▶ **Task description**:
When you write out the entries, keep every line exactly as it appears.

Items listed in a dataset
↓
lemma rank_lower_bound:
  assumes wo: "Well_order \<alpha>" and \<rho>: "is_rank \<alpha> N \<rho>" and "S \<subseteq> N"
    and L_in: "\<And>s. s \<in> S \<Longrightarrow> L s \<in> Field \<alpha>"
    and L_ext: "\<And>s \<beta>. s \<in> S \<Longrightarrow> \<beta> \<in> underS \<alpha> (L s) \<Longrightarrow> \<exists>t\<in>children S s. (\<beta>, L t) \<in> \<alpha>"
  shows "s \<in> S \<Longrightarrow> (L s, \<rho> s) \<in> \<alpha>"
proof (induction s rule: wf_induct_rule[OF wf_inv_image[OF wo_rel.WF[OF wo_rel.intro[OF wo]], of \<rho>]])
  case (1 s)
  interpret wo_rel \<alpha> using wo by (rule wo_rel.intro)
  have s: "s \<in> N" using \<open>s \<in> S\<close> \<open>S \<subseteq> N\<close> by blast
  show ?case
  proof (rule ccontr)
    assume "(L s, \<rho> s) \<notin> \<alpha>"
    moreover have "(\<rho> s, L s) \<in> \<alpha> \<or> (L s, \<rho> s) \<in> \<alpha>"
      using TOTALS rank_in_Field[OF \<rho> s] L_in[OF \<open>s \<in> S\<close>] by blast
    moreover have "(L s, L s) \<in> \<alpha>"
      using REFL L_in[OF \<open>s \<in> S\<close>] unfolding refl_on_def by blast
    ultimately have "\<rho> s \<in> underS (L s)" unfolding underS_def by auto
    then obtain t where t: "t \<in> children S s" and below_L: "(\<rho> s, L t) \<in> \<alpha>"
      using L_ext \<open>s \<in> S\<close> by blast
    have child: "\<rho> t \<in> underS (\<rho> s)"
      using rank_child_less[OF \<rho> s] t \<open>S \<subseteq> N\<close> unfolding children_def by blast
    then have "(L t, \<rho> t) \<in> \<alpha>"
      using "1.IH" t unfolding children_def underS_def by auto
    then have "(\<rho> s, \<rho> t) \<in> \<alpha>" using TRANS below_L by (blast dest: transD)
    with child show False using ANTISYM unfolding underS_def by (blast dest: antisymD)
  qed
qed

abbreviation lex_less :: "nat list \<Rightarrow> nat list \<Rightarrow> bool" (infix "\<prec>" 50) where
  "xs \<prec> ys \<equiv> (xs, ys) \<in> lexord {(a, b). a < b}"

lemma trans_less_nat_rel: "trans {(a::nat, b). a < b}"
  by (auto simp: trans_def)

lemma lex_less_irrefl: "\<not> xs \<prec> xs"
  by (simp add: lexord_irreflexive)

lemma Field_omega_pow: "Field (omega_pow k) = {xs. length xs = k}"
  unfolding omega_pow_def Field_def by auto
↑
▶ **Answer for the task**:
lemma rank_lower_bound:
  assumes wo: "Well_order \<alpha>" and \<rho>: "is_rank \<alpha> N \<rho>" and "S \<subseteq> N"
    and L_in: "\<And>s. s \<in> S \<Longrightarrow> L s \<in> Field \<alpha>"
    and L_ext: "\<And>s \<beta>. s \<in> S \<Longrightarrow> \<beta> \<in> underS \<alpha> (L s) \<Longrightarrow> \<exists>t\<in>children S s. (\<beta>, L t) \<in> \<alpha>"
  shows "s \<in> S \<Longrightarrow> (L s, \<rho> s) \<in> \<alpha>"
proof (induction s rule: wf_induct_rule[OF wf_inv_image[OF wo_rel.WF[OF wo_rel.intro[OF wo]], of \<rho>]])
  case (1 s)
  interpret wo_rel \<alpha> using wo by (rule wo_rel.intro)
  have s: "s \<in> N" using \<open>s \<in> S\<close> \<open>S \<subseteq> N\<close> by blast
  show ?case
  proof (rule ccontr)
    assume "(L s, \<rho> s) \<notin> \<alpha>"
    moreover have "(\<rho> s, L s) \<in> \<alpha> \<or> (L s, \<rho> s) \<in> \<alpha>"
      using TOTALS rank_in_Field[OF \<rho> s] L_in[OF \<open>s \<in> S\<close>] by blast
    moreover have "(L s, L s) \<in> \<alpha>"
      using REFL L_in[OF \<open>s \<in> S\<close>] unfolding refl_on_def by blast
    ultimately have "\<rho> s \<in> underS (L s)" unfolding underS_def by auto
    then obtain t where t: "t \<in> children S s" and below_L: "(\<rho> s, L t) \<in> \<alpha>"
      using L_ext \<open>s \<in> S\<close> by blast
    have child: "\<rho> t \<in> underS (\<rho> s)"
      using rank_child_less[OF \<rho> s] t \<open>S \<subseteq> N\<close> unfolding children_def by blast
    then have "(L t, \<rho> t) \<in> \<alpha>"
      using "1.IH" t unfolding children_def underS_def by auto
    then have "(\<rho> s, \<rho> t) \<in> \<alpha>" using TRANS below_L by (blast dest: transD)
    with child show False using ANTISYM unfolding underS_def by (blast dest: antisymD)
  qed
qed

abbreviation lex_less :: "nat list \<Rightarrow> nat list \<Rightarrow> bool" (infix "\<prec>" 50) where
  "xs \<prec> ys \<equiv> (xs, ys) \<in> lexord {(a, b). a < b}"

lemma trans_less_nat_rel: "trans {(a::nat, b). a < b}"
  by (auto simp: trans_def)

lemma lex_less_irrefl: "\<not> xs \<prec> xs"
  by (simp add: lexord_irreflexive)

lemma Field_omega_pow: "Field (omega_pow k) = {xs. length xs = k}"
  unfolding omega_pow_def Field_def by auto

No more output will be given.